> **Exercise description**:
Down to the last line, repeat the data below exactly.
════════════════
lemma emeasure_uniform_pm1_affine_le:
  fixes a b \<epsilon> :: real
  assumes "\<epsilon> > 0"
  shows "emeasure uniform_pm1 {y. \<bar>y * a + b\<bar> \<le> \<epsilon>}
           \<le> emeasure lborel {t\<in>{0<..1}. \<bar>a\<bar> * t \<le> \<epsilon>}"
proof (cases "\<bar>a\<bar> \<le> \<epsilon>")
  case True
  have "{t\<in>{0<..1}. \<bar>a\<bar> * t \<le> \<epsilon>} = {0<..1::real}"
  proof safe
    fix t :: real assume "t \<in> {0<..1}"
    then have "\<bar>a\<bar> * t \<le> \<bar>a\<bar> * 1" by (intro mult_left_mono) auto
    then show "\<bar>a\<bar> * t \<le> \<epsilon>" using True by simp
  qed
  then have "emeasure lborel {t\<in>{0<..1}. \<bar>a\<bar> * t \<le> \<epsilon>} = 1" by simp
  then show ?thesis
    using prob_space.emeasure_le_1[OF prob_space_uniform_pm1, of "{y. \<bar>y * a + b\<bar> \<le> \<epsilon>}"]
    by (simp only:)
next
  case False
  then have a: "\<bar>a\<bar> > 0" using assms by auto
  define r where "r = \<epsilon> / \<bar>a\<bar>"
  define m where "m = - b / a"
  have r: "0 < r" "r \<le> 1" using a assms False by (simp_all add: r_def)
  have scale: "\<And>s. \<bar>a\<bar> * s \<le> \<epsilon> \<longleftrightarrow> s \<le> r"
    using pos_le_divide_eq[OF a] by (auto simp: r_def mult.commute)
  have "{t\<in>{0<..1}. \<bar>a\<bar> * t \<le> \<epsilon>} = {0<..r}"
    by (rule set_eqI) (use scale r in auto)
  then have rhs: "emeasure lborel {t\<in>{0<..1}. \<bar>a\<bar> * t \<le> \<epsilon>} = ennreal r" using r by simp
  have sub: "{y. \<bar>y * a + b\<bar> \<le> \<epsilon>} \<subseteq> {m - r .. m + r}"
  proof
    fix y assume "y \<in> {y. \<bar>y * a + b\<bar> \<le> \<epsilon>}"
    moreover have "a * (y - m) = y * a + b" using a by (simp add: m_def algebra_simps)
    ultimately have "\<bar>a\<bar> * \<bar>y - m\<bar> \<le> \<epsilon>" by (metis abs_mult mem_Collect_eq)
    then have "\<bar>y - m\<bar> \<le> r" using scale by blast
    then show "y \<in> {m - r .. m + r}" by auto
  qed
  have "emeasure uniform_pm1 {y. \<bar>y * a + b\<bar> \<le> \<epsilon>}
          = emeasure lborel ({-1..1} \<inter> {y. \<bar>y * a + b\<bar> \<le> \<epsilon>}) / 2"
    by (subst emeasure_uniform_measure) auto
  also have "\<dots> \<le> emeasure lborel {m - r .. m + r} / 2"
    by (intro divide_right_mono_ennreal emeasure_mono) (use sub in auto)
  also have "\<dots> = ennreal (2 * r) / 2" using r by simp
  also have "\<dots> = ennreal r"
    using divide_ennreal[of "2 * r" 2] r
    by (simp add: ennreal_numeral[symmetric] del: ennreal_numeral)
  finally show ?thesis using rhs by simp
qed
════════════════
> **Problem solution**:
lemma emeasure_uniform_pm1_affine_le:
  fixes a b \<epsilon> :: real
  assumes "\<epsilon> > 0"
  shows "emeasure uniform_pm1 {y. \<bar>y * a + b\<bar> \<le> \<epsilon>}
           \<le> emeasure lborel {t\<in>{0<..1}. \<bar>a\<bar> * t \<le> \<epsilon>}"
proof (cases "\<bar>a\<bar> \<le> \<epsilon>")
  case True
  have "{t\<in>{0<..1}. \<bar>a\<bar> * t \<le> \<epsilon>} = {0<..1::real}"
  proof safe
    fix t :: real assume "t \<in> {0<..1}"
    then have "\<bar>a\<bar> * t \<le> \<bar>a\<bar> * 1" by (intro mult_left_mono) auto
    then show "\<bar>a\<bar> * t \<le> \<epsilon>" using True by simp
  qed
  then have "emeasure lborel {t\<in>{0<..1}. \<bar>a\<bar> * t \<le> \<epsilon>} = 1" by simp
  then show ?thesis
    using prob_space.emeasure_le_1[OF prob_space_uniform_pm1, of "{y. \<bar>y * a + b\<bar> \<le> \<epsilon>}"]
    by (simp only:)
next
  case False
  then have a: "\<bar>a\<bar> > 0" using assms by auto
  define r where "r = \<epsilon> / \<bar>a\<bar>"
  define m where "m = - b / a"
  have r: "0 < r" "r \<le> 1" using a assms False by (simp_all add: r_def)
  have scale: "\<And>s. \<bar>a\<bar> * s \<le> \<epsilon> \<longleftrightarrow> s \<le> r"
    using pos_le_divide_eq[OF a] by (auto simp: r_def mult.commute)
  have "{t\<in>{0<..1}. \<bar>a\<bar> * t \<le> \<epsilon>} = {0<..r}"
    by (rule set_eqI) (use scale r in auto)
  then have rhs: "emeasure lborel {t\<in>{0<..1}. \<bar>a\<bar> * t \<le> \<epsilon>} = ennreal r" using r by simp
  have sub: "{y. \<bar>y * a + b\<bar> \<le> \<epsilon>} \<subseteq> {m - r .. m + r}"
  proof
    fix y assume "y \<in> {y. \<bar>y * a + b\<bar> \<le> \<epsilon>}"
    moreover have "a * (y - m) = y * a + b" using a by (simp add: m_def algebra_simps)
    ultimately have "\<bar>a\<bar> * \<bar>y - m\<bar> \<le> \<epsilon>" by (metis abs_mult mem_Collect_eq)
    then have "\<bar>y - m\<bar> \<le> r" using scale by blast
    then show "y \<in> {m - r .. m + r}" by auto
  qed
  have "emeasure uniform_pm1 {y. \<bar>y * a + b\<bar> \<le> \<epsilon>}
          = emeasure lborel ({-1..1} \<inter> {y. \<bar>y * a + b\<bar> \<le> \<epsilon>}) / 2"
    by (subst emeasure_uniform_measure) auto
  also have "\<dots> \<le> emeasure lborel {m - r .. m + r} / 2"
    by (intro divide_right_mono_ennreal emeasure_mono) (use sub in auto)
  also have "\<dots> = ennreal (2 * r) / 2" using r by simp
  also have "\<dots> = ennreal r"
    using divide_ennreal[of "2 * r" 2] r
    by (simp add: ennreal_numeral[symmetric] del: ennreal_numeral)
  finally show ?thesis using rhs by simp
qed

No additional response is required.